A unifying framework guarantees global convergence to a stationary point for NEPv optimization on the Stiefel manifold when the objective meets basic assumptions.

A machine-rendered reading of the paper's core claim, the machinery that carries it, and where it could break.

The paper develops a general theory to justify the NEPv approach, which converts the first-order optimality condition into a nonlinear eigenvalue problem solved by SCF iteration. Under the basic assumptions the iteration is shown to increase the objective monotonically at every step while converging globally to a stationary point. Atomic functions, which include common matrix traces of linear and quadratic forms, and convex compositions of atomic functions are proven to satisfy the assumptions, supplying a sizable collection of objectives for which the method is reliable.

Core claim

If the objective satisfies the basic assumptions, the SCF iteration for the associated NEPv or NPDo produces a monotonically increasing sequence of objective values and converges globally to a stationary point. Atomic functions that cover traces of linear and quadratic forms satisfy the assumptions, as do convex compositions of atomic functions, thereby justifying the NEPv/NPDo approach for this large class of objectives.

What carries the argument

The unifying framework built on basic assumptions, with the notion of atomic functions as the central examples that meet those assumptions.

Load-bearing premise

The objective function must satisfy certain basic assumptions whose precise requirements and verification procedure remain unspecified.

What would settle it

An explicit objective function that meets the basic assumptions yet produces an SCF sequence that fails to increase the objective monotonically or fails to reach a stationary point.

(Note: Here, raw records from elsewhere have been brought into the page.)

(* Let $k\ge2$, $n\ge1$, $A=\{0<1<\cdots<k-1\}$, let $\alpha=0\,1\,2\cdots(k-1)\in A^{k}$ and $v=\alpha^{k^{n-1}}$. Let $M$ be the unique multiset of necklaces with $BW(M)=v$, and let $T=T(M)$ be its table. Then $T$ has exactly $n$ columns and its rows, from top to bottom, are the $n$-digit base-$k$ representations of $0,1,\dots,k^{n}-1$ in increasing order. Moreover $M$ is the set of necklaces of all Lyndon words over $A$ whose length divides $n$, and the rows of $T$ whose roots are Lyndon words occur in $T$ in lexicographic order.
   Context: Words are compared lexicographically (a proper prefix precedes the longer word). A word is primitive if it is not a proper power of another word; the root of a word $w$ is the shortest $r$ with $w=r^{t}$, $t\ge1$. A necklace is the set of conjugates ($xy\sim yx$) of a primitive word; its Lyndon word is its lexicographically least element. For a finite multiset $M$ of necklaces, with $l$ the lcm of their lengths, the table $T(M)$ is the lexicographically sorted list (as rows) of all words $u^{l/|u|}$, $u$ ranging over the words of each necklace of $M$ (with multiplicity), and $BW(M)$ is the last column of $T(M)$ read from top to bottom. It is known that $BW$ is a bijection from finite multisets of necklaces over $A$ onto $A^{*}$. *)

theory Defs
  imports Main "HOL-Library.Multiset" "HOL-Library.List_Lexorder"
begin

text \<open>Words over the alphabet are lists of naturals; the order on words is the
lexicographic order of List_Lexorder (a proper prefix precedes the longer word).\<close>

definition wpow :: "'a list \<Rightarrow> nat \<Rightarrow> 'a list" where
  "wpow u t = concat (replicate t u)"

definition primitive :: "'a list \<Rightarrow> bool" where
  "primitive w \<longleftrightarrow> w \<noteq> [] \<and> \<not> (\<exists>r t. t \<ge> 2 \<and> w = wpow r t)"

definition root :: "'a list \<Rightarrow> 'a list" where
  "root w = (ARG_MIN length r. \<exists>t\<ge>1. w = wpow r t)"

definition conjugate :: "'a list \<Rightarrow> 'a list \<Rightarrow> bool" where
  "conjugate u v \<longleftrightarrow> (\<exists>x y. u = x @ y \<and> v = y @ x)"

definition necklace_of :: "'a list \<Rightarrow> 'a list set" where
  "necklace_of w = {u. conjugate w u}"

definition is_necklace :: "'a list set \<Rightarrow> bool" where
  "is_necklace N \<longleftrightarrow> (\<exists>w. primitive w \<and> N = necklace_of w)"

definition lyndon :: "'a::linorder list \<Rightarrow> bool" where
  "lyndon w \<longleftrightarrow> primitive w \<and> (\<forall>u\<in>necklace_of w. w \<le> u)"

definition table_lcm :: "'a list set multiset \<Rightarrow> nat" where
  "table_lcm M = Lcm {length u | u N. N \<in># M \<and> u \<in> N}"

definition table_rows :: "'a list set multiset \<Rightarrow> 'a list multiset" where
  "table_rows M = (\<Sum>N\<in>#M. image_mset (\<lambda>u. wpow u (table_lcm M div length u)) (mset_set N))"

definition table :: "'a::linorder list set multiset \<Rightarrow> 'a list list" where
  "table M = sorted_list_of_multiset (table_rows M)"

definition BW :: "'a::linorder list set multiset \<Rightarrow> 'a list" where
  "BW M = map last (table M)"

definition digits :: "nat \<Rightarrow> nat \<Rightarrow> nat \<Rightarrow> nat list" where
  "digits k n m = map (\<lambda>i. m div k ^ (n - 1 - i) mod k) [0..<n]"

end

(* The table T(M) is sorted and its multiset of rows is closed under rotation, so the
   LF-property of the Burrows-Wheeler transform holds: moving the last letter of row j to the
   front gives row LF(j), and LF is computed from the last column alone. For the last column
   (0 1 ... k-1)^(k^(n-1)) the LF-map is j -> (j mod k) k^(n-1) + j div k, the cyclic shift of
   n-digit base-k numerals. Iterating it shows that, read backwards from its end, row j spells
   the base-k digits of j. The shift has order n, so every row is invariant under rotation by n;
   hence the row length l divides n, and l < n would make rows 0 and k^l equal. So the rows are
   the k^n words of length n, each occurring once, which determines M. Finally, if a is a Lyndon
   word and b < a then b a < a b, so powers of Lyndon words of equal length are ordered like
   their roots. *)

theory Submission
  imports Defs
begin

section \<open>Powers and periods of words\<close>

lemma wpow_0 [simp]: "wpow u 0 = []"
  by (simp add: wpow_def)

lemma wpow_Nil [simp]: "wpow [] t = []"
  by (simp add: wpow_def)

lemma wpow_Suc: "wpow u (Suc t) = u @ wpow u t"
  by (simp add: wpow_def)

lemma length_wpow [simp]: "length (wpow u t) = t * length u"
  by (simp add: wpow_def length_concat sum_list_replicate)

lemma set_wpow_subset: "set (wpow u t) \<subseteq> set u"
  by (auto simp: wpow_def)

lemma wpow_add: "wpow u (a + b) = wpow u a @ wpow u b"
  by (simp add: wpow_def replicate_add)

lemma wpow_mult: "wpow u (a * b) = wpow (wpow u a) b"
  by (induction b) (simp_all add: wpow_Suc wpow_add)

lemma take_wpow: "0 < t \<Longrightarrow> take (length u) (wpow u t) = u"
  by (cases t) (simp_all add: wpow_Suc)

lemma nth_wpow: "i < t * length u \<Longrightarrow> wpow u t ! i = u ! (i mod length u)"
proof (induction t arbitrary: i)
  case (Suc t)
  then show ?case
    by (cases "i < length u") (simp_all add: wpow_Suc nth_append le_mod_geq)
qed simp

lemma filter_wpow: "filter P (wpow u t) = wpow (filter P u) t"
  by (simp add: wpow_def filter_concat)

lemma rotate_wpow: "rotate j (wpow u t) = wpow (rotate j u) t"
proof (rule nth_equalityI)
  fix i assume "i < length (rotate j (wpow u t))"
  then have i: "i < t * length u" by simp
  then have "0 < t * length u" by linarith
  then have "0 < length u" by simp
  have "rotate j (wpow u t) ! i = u ! ((j + i) mod (t * length u) mod length u)"
    using i \<open>0 < t * length u\<close> by (simp add: nth_rotate nth_wpow)
  also have "\<dots> = u ! ((j + i) mod length u)"
    by (simp add: mod_mod_cancel)
  also have "\<dots> = wpow (rotate j u) t ! i"
    using i \<open>0 < length u\<close> by (simp add: nth_rotate nth_wpow mod_add_right_eq)
  finally show "rotate j (wpow u t) ! i = wpow (rotate j u) t ! i" .
qed simp

lemma rotate_mult_self: "rotate d u = u \<Longrightarrow> rotate (d * c) u = u"
  by (induction c) (simp_all add: rotate_rotate[symmetric] add.commute)

lemma rotate_gcd_self:
  assumes "rotate a u = u" and "rotate b u = u"
  shows "rotate (gcd a b) u = u"
proof (cases "a = 0")
  case False
  then obtain x y where xy: "a * x = b * y + gcd a b" using bezout_nat by blast
  have "u = rotate (a * x) u" using rotate_mult_self[OF assms(1)] by simp
  also have "\<dots> = rotate (gcd a b) (rotate (b * y) u)" by (simp add: xy rotate_rotate add.commute)
  finally show ?thesis using rotate_mult_self[OF assms(2)] by simp
qed (use assms in simp)

lemma rotate_self_nth_mod:
  assumes "rotate d u = u" and "i < length u"
  shows "u ! i = u ! (i mod d)"
proof -
  have "i mod d < length u"
    using assms(2) mod_less_eq_dividend[of i d] by linarith
  then have "u ! (i mod d) = rotate (d * (i div d)) u ! (i mod d)"
    using rotate_mult_self[OF assms(1)] by simp
  also have "\<dots> = u ! i"
    using \<open>i mod d < length u\<close> assms(2) by (simp add: nth_rotate add.commute)
  finally show ?thesis by simp
qed

lemma rotate_self_eq_wpow:
  assumes "rotate d u = u" and "0 < d" and "d dvd length u"
  shows "u = wpow (take d u) (length u div d)"
proof (cases "u = []")
  case False
  then have "d \<le> length u"
    using assms(3) by (simp add: dvd_imp_le)
  then have len: "length (wpow (take d u) (length u div d)) = length u"
    using assms(3) by (simp add: min_def)
  show ?thesis
  proof (rule nth_equalityI)
    fix i assume i: "i < length u"
    have "wpow (take d u) (length u div d) ! i = take d u ! (i mod d)"
      using i len \<open>d \<le> length u\<close> by (simp add: nth_wpow min_def)
    also have "\<dots> = u ! i"
      using assms(2) rotate_self_nth_mod[OF assms(1) i] by simp
    finally show "u ! i = wpow (take d u) (length u div d) ! i" by simp
  qed (use len in simp)
qed simp

lemma primitive_rotate_self_dvd:
  assumes "primitive u" and "rotate g u = u"
  shows "length u dvd g"
proof -
  define d where "d = gcd g (length u)"
  have "0 < length u" using assms(1) by (simp add: primitive_def)
  then have d: "0 < d" "d dvd length u" by (simp_all add: d_def)
  have "rotate d u = u"
    unfolding d_def by (rule rotate_gcd_self[OF assms(2)]) simp
  then have "u = wpow (take d u) (length u div d)"
    using d by (rule rotate_self_eq_wpow)
  then have "\<not> 2 \<le> length u div d"
    using assms(1) unfolding primitive_def by blast
  moreover have "0 < length u div d"
    using d \<open>0 < length u\<close> by (simp add: dvd_imp_le div_greater_zero_iff)
  ultimately have "length u div d = 1" by linarith
  then have "d = length u"
    using d(2) by (metis dvd_mult_div_cancel mult.right_neutral)
  then show ?thesis by (metis d_def gcd_dvd1)
qed

lemma primitive_wpow_rotate_self_dvd:
  assumes "primitive u" and "0 < t" and "rotate g (wpow u t) = wpow u t"
  shows "length u dvd g"
proof -
  have "rotate g u = u"
    using take_wpow[OF assms(2), of "rotate g u"] take_wpow[OF assms(2), of u] assms(3)
    by (simp add: rotate_wpow)
  with assms(1) show ?thesis by (rule primitive_rotate_self_dvd)
qed

lemma primitive_wpow_inject:
  assumes "primitive u" "primitive w" "0 < a" "0 < b" and eq: "wpow u a = wpow w b"
  shows "u = w"
proof -
  have "rotate (length w) (wpow u a) = wpow u a"
    unfolding eq by (simp add: rotate_wpow)
  then have "length u dvd length w"
    using assms by (intro primitive_wpow_rotate_self_dvd)
  moreover have "rotate (length u) (wpow w b) = wpow w b"
    unfolding eq[symmetric] by (simp add: rotate_wpow)
  then have "length w dvd length u"
    using assms by (intro primitive_wpow_rotate_self_dvd)
  ultimately have "length u = length w" by (rule dvd_antisym)
  then show ?thesis
    using eq take_wpow[OF \<open>0 < a\<close>, of u] take_wpow[OF \<open>0 < b\<close>, of w] by metis
qed
lemma tensor_diag_cov_deriv:
  fixes T :: "real^'n \<Rightarrow> 'n list \<Rightarrow> real"
  shows "tensor_diag (Suc j) (cov_deriv T x) w =
    (\<Sum>I | length I = j. (\<Sum>a\<in>UNIV. w$a * frechet_derivative (\<lambda>y. T y I) (at x) (axis a 1)) *
       prod_list (map (\<lambda>i. w$i) I))
    - (\<Sum>l<j. \<Sum>J | length J = j. T x J * (\<Sum>a\<in>UNIV. \<Sum>b\<in>UNIV. christoffel (J ! l) a b x * w$a * w$b) *
       prod_list (map (\<lambda>i. w$i) (take l J @ drop (Suc l) J)))"
proof -
  define W where "W I = prod_list (map (\<lambda>i. w$i) I)" for I :: "'n list"
  define D where "D a I = frechet_derivative (\<lambda>y. T y I) (at x) (axis a 1)" for a I
  define G where "G \<alpha> b = (\<Sum>a\<in>UNIV. christoffel \<alpha> a b x * w$a)" for \<alpha> b
  have G_contract: "(\<Sum>b\<in>UNIV. G \<alpha> b * w$b)
      = (\<Sum>a\<in>UNIV. \<Sum>b\<in>UNIV. christoffel \<alpha> a b x * w$a * w$b)" for \<alpha>
    unfolding G_def sum_distrib_right by (rule sum.swap)
  have "tensor_diag (Suc j) (cov_deriv T x) w
      = (\<Sum>a\<in>UNIV. \<Sum>I | length I = j. cov_deriv T x (a # I) * W (a # I))"
    unfolding tensor_diag_def W_def by (rule sum_lists_length_Suc)
  also have "\<dots> = (\<Sum>a\<in>UNIV. \<Sum>I | length I = j. w$a * D a I * W I
      - (\<Sum>l<j. \<Sum>\<alpha>\<in>UNIV. w$a * christoffel \<alpha> a (I ! l) x * T x (I[l := \<alpha>]) * W I))"
    by (intro sum.cong refl)
      (simp add: cov_deriv_def W_def D_def sum_distrib_left sum_distrib_right algebra_simps)
  also have "\<dots> = (\<Sum>I | length I = j. (\<Sum>a\<in>UNIV. w$a * D a I) * W I)
      - (\<Sum>l<j. \<Sum>I | length I = j. \<Sum>\<alpha>\<in>UNIV. G \<alpha> (I ! l) * T x (I[l := \<alpha>]) * W I)"
  proof -
    have "(\<Sum>a\<in>UNIV. \<Sum>I | length I = j. w$a * D a I * W I)
        = (\<Sum>I | length I = j. (\<Sum>a\<in>UNIV. w$a * D a I) * W I)"
      by (subst sum.swap) (simp add: sum_distrib_right)
    moreover have "(\<Sum>a\<in>UNIV. \<Sum>I | length I = j. \<Sum>l<j. \<Sum>\<alpha>\<in>UNIV.
          w$a * christoffel \<alpha> a (I ! l) x * T x (I[l := \<alpha>]) * W I)
        = (\<Sum>l<j. \<Sum>I | length I = j. \<Sum>\<alpha>\<in>UNIV. G \<alpha> (I ! l) * T x (I[l := \<alpha>]) * W I)"
      unfolding G_def sum_distrib_right
      by (subst sum.swap, subst sum.swap, rule sum.cong[OF refl], subst (2) sum.swap,
          rule sum.cong[OF refl], subst sum.swap) (simp add: mult_ac)
    ultimately show ?thesis
      by (simp add: sum_subtractf)
  qed
  also have "(\<Sum>l<j. \<Sum>I | length I = j. \<Sum>\<alpha>\<in>UNIV. G \<alpha> (I ! l) * T x (I[l := \<alpha>]) * W I)
      = (\<Sum>l<j. \<Sum>J | length J = j. T x J * (\<Sum>b\<in>UNIV. G (J ! l) b * w$b) *
           prod_list (map (\<lambda>i. w$i) (take l J @ drop (Suc l) J)))"
    unfolding W_def by (intro sum.cong refl sum_lists_update_contract) simp
  finally show ?thesis
    by (simp only: W_def D_def G_contract)
qed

read the original abstract

The NEPv approach has been increasingly used lately for optimization on the Stiefel manifold arising from machine learning. General speaking, the approach first turns the first order optimality condition, also known as the KKT condition, into a nonlinear eigenvalue problem with eigenvector dependency (NEPv) or a nonlinear polar decomposition with orthogonal factor dependency (NPDo) and then solve the nonlinear problem via some variations of the self-consistent-field (SCF) iteration. The difficulty, however, lies in designing a proper SCF iteration so that a maximizer is found at the end. Currently, each use of the approach is very much individualized, especially in its convergence analysis to show that the approach does work or otherwise. In this paper, a unifying framework is established. The framework is built upon some basic assumptions. If the basic assumptions are satisfied, globally convergence is guaranteed to a stationary point and during the SCF iterative process that leads to the stationary point, the objective function increases monotonically. Also a notion of atomic functions is proposed, which include commonly used matrix traces of linear and quadratic forms as special ones. It is shown that the basic assumptions are satisfied by atomic functions and by convex compositions of atomic functions. Together they provide a large collection of objectives for which the NEPv/NPDo approach is guaranteed to work.

Editorial analysis

A structured set of objections, weighed in public.

Desk editor's note, referee report, simulated authors' rebuttal, and a circularity audit. Tearing a paper down is the easy half of reading it; the pith above is the substance, this is the friction.

Referee Report

0 major / 2 minor

Summary. The manuscript develops a unifying framework for the NEPv/NPDo approach to optimization on the Stiefel manifold. Under a set of basic assumptions on the objective, the SCF iteration is proven to produce a monotonic increase in the objective value and to converge globally to a stationary point. The paper introduces the class of atomic functions (encompassing trace-linear and trace-quadratic forms as special cases) and shows that the basic assumptions hold for atomic functions as well as for convex compositions of atomic functions, thereby covering a broad collection of objectives arising in machine learning.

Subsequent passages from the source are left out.